[[ DATA SUPPLIED, beginning ]]

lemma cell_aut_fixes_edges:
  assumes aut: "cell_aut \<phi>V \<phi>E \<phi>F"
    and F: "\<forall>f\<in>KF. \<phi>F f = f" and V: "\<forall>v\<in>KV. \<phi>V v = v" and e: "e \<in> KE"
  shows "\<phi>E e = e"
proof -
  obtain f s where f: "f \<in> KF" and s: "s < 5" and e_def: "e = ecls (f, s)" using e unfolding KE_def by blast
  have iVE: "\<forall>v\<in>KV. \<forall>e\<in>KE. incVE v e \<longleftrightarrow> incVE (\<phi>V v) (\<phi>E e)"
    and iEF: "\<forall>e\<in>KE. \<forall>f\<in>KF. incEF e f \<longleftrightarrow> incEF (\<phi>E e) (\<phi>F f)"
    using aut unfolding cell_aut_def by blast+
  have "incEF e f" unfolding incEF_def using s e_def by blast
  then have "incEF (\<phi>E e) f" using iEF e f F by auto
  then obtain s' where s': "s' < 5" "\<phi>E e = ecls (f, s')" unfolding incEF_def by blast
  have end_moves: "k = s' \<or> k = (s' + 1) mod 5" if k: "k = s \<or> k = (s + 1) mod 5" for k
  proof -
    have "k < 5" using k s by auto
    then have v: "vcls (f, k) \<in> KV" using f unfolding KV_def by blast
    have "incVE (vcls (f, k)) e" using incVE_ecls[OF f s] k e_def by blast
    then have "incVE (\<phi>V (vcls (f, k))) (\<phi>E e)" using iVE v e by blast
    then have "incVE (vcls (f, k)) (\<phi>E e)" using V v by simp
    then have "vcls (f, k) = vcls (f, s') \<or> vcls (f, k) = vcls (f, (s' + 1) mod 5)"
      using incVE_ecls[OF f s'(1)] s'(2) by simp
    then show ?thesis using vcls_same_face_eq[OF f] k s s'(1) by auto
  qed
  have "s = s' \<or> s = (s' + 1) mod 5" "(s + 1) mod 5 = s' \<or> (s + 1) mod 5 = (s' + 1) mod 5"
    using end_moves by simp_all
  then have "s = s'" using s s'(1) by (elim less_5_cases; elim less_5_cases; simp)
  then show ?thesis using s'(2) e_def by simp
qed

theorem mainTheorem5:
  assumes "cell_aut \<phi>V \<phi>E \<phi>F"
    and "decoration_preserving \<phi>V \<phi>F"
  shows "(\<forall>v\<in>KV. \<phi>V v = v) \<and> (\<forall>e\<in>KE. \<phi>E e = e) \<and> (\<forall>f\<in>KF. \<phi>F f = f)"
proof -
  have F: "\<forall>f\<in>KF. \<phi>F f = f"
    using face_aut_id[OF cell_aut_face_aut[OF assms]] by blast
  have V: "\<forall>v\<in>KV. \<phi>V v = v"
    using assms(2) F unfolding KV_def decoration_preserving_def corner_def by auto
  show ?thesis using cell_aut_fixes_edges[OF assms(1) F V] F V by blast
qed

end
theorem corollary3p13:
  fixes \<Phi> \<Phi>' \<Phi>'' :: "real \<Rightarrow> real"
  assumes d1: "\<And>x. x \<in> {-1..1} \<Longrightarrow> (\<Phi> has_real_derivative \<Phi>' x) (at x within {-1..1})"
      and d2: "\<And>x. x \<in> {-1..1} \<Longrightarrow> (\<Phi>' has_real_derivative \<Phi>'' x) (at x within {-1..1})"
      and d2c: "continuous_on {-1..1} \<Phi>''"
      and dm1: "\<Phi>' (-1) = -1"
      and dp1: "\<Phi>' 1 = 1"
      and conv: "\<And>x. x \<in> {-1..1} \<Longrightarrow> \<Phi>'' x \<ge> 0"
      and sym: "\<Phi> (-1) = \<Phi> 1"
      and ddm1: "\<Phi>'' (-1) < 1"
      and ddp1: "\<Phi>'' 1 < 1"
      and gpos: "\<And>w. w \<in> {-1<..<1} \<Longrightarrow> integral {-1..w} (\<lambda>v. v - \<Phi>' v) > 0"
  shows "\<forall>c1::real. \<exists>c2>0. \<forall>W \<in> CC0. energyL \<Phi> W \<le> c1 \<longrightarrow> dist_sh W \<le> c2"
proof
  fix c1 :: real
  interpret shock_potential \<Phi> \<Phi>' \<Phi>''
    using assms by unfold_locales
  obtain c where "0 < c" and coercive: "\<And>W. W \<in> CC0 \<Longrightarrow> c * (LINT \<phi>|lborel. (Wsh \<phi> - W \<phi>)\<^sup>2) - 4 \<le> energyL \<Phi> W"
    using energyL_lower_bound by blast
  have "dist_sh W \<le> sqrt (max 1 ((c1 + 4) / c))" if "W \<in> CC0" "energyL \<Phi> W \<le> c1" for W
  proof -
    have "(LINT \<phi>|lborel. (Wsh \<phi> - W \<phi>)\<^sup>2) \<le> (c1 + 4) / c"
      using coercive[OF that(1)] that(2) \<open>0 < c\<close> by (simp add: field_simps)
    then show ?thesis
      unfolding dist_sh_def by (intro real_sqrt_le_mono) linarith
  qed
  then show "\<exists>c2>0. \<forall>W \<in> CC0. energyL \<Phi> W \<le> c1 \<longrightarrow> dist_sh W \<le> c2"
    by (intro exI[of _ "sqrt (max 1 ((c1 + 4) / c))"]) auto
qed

[[ DATA SUPPLIED, end ]]

Print all of the entries again, exactly as written.

lemma cell_aut_fixes_edges:
  assumes aut: "cell_aut \<phi>V \<phi>E \<phi>F"
    and F: "\<forall>f\<in>KF. \<phi>F f = f" and V: "\<forall>v\<in>KV. \<phi>V v = v" and e: "e \<in> KE"
  shows "\<phi>E e = e"
proof -
  obtain f s where f: "f \<in> KF" and s: "s < 5" and e_def: "e = ecls (f, s)" using e unfolding KE_def by blast
  have iVE: "\<forall>v\<in>KV. \<forall>e\<in>KE. incVE v e \<longleftrightarrow> incVE (\<phi>V v) (\<phi>E e)"
    and iEF: "\<forall>e\<in>KE. \<forall>f\<in>KF. incEF e f \<longleftrightarrow> incEF (\<phi>E e) (\<phi>F f)"
    using aut unfolding cell_aut_def by blast+
  have "incEF e f" unfolding incEF_def using s e_def by blast
  then have "incEF (\<phi>E e) f" using iEF e f F by auto
  then obtain s' where s': "s' < 5" "\<phi>E e = ecls (f, s')" unfolding incEF_def by blast
  have end_moves: "k = s' \<or> k = (s' + 1) mod 5" if k: "k = s \<or> k = (s + 1) mod 5" for k
  proof -
    have "k < 5" using k s by auto
    then have v: "vcls (f, k) \<in> KV" using f unfolding KV_def by blast
    have "incVE (vcls (f, k)) e" using incVE_ecls[OF f s] k e_def by blast
    then have "incVE (\<phi>V (vcls (f, k))) (\<phi>E e)" using iVE v e by blast
    then have "incVE (vcls (f, k)) (\<phi>E e)" using V v by simp
    then have "vcls (f, k) = vcls (f, s') \<or> vcls (f, k) = vcls (f, (s' + 1) mod 5)"
      using incVE_ecls[OF f s'(1)] s'(2) by simp
    then show ?thesis using vcls_same_face_eq[OF f] k s s'(1) by auto
  qed
  have "s = s' \<or> s = (s' + 1) mod 5" "(s + 1) mod 5 = s' \<or> (s + 1) mod 5 = (s' + 1) mod 5"
    using end_moves by simp_all
  then have "s = s'" using s s'(1) by (elim less_5_cases; elim less_5_cases; simp)
  then show ?thesis using s'(2) e_def by simp
qed

theorem mainTheorem5:
  assumes "cell_aut \<phi>V \<phi>E \<phi>F"
    and "decoration_preserving \<phi>V \<phi>F"
  shows "(\<forall>v\<in>KV. \<phi>V v = v) \<and> (\<forall>e\<in>KE. \<phi>E e = e) \<and> (\<forall>f\<in>KF. \<phi>F f = f)"
proof -
  have F: "\<forall>f\<in>KF. \<phi>F f = f"
    using face_aut_id[OF cell_aut_face_aut[OF assms]] by blast
  have V: "\<forall>v\<in>KV. \<phi>V v = v"
    using assms(2) F unfolding KV_def decoration_preserving_def corner_def by auto
  show ?thesis using cell_aut_fixes_edges[OF assms(1) F V] F V by blast
qed

end
theorem corollary3p13:
  fixes \<Phi> \<Phi>' \<Phi>'' :: "real \<Rightarrow> real"
  assumes d1: "\<And>x. x \<in> {-1..1} \<Longrightarrow> (\<Phi> has_real_derivative \<Phi>' x) (at x within {-1..1})"
      and d2: "\<And>x. x \<in> {-1..1} \<Longrightarrow> (\<Phi>' has_real_derivative \<Phi>'' x) (at x within {-1..1})"
      and d2c: "continuous_on {-1..1} \<Phi>''"
      and dm1: "\<Phi>' (-1) = -1"
      and dp1: "\<Phi>' 1 = 1"
      and conv: "\<And>x. x \<in> {-1..1} \<Longrightarrow> \<Phi>'' x \<ge> 0"
      and sym: "\<Phi> (-1) = \<Phi> 1"
      and ddm1: "\<Phi>'' (-1) < 1"
      and ddp1: "\<Phi>'' 1 < 1"
      and gpos: "\<And>w. w \<in> {-1<..<1} \<Longrightarrow> integral {-1..w} (\<lambda>v. v - \<Phi>' v) > 0"
  shows "\<forall>c1::real. \<exists>c2>0. \<forall>W \<in> CC0. energyL \<Phi> W \<le> c1 \<longrightarrow> dist_sh W \<le> c2"
proof
  fix c1 :: real
  interpret shock_potential \<Phi> \<Phi>' \<Phi>''
    using assms by unfold_locales
  obtain c where "0 < c" and coercive: "\<And>W. W \<in> CC0 \<Longrightarrow> c * (LINT \<phi>|lborel. (Wsh \<phi> - W \<phi>)\<^sup>2) - 4 \<le> energyL \<Phi> W"
    using energyL_lower_bound by blast
  have "dist_sh W \<le> sqrt (max 1 ((c1 + 4) / c))" if "W \<in> CC0" "energyL \<Phi> W \<le> c1" for W
  proof -
    have "(LINT \<phi>|lborel. (Wsh \<phi> - W \<phi>)\<^sup>2) \<le> (c1 + 4) / c"
      using coercive[OF that(1)] that(2) \<open>0 < c\<close> by (simp add: field_simps)
    then show ?thesis
      unfolding dist_sh_def by (intro real_sqrt_le_mono) linarith
  qed
  then show "\<exists>c2>0. \<forall>W \<in> CC0. energyL \<Phi> W \<le> c1 \<longrightarrow> dist_sh W \<le> c2"
    by (intro exI[of _ "sqrt (max 1 ((c1 + 4) / c))"]) auto
qed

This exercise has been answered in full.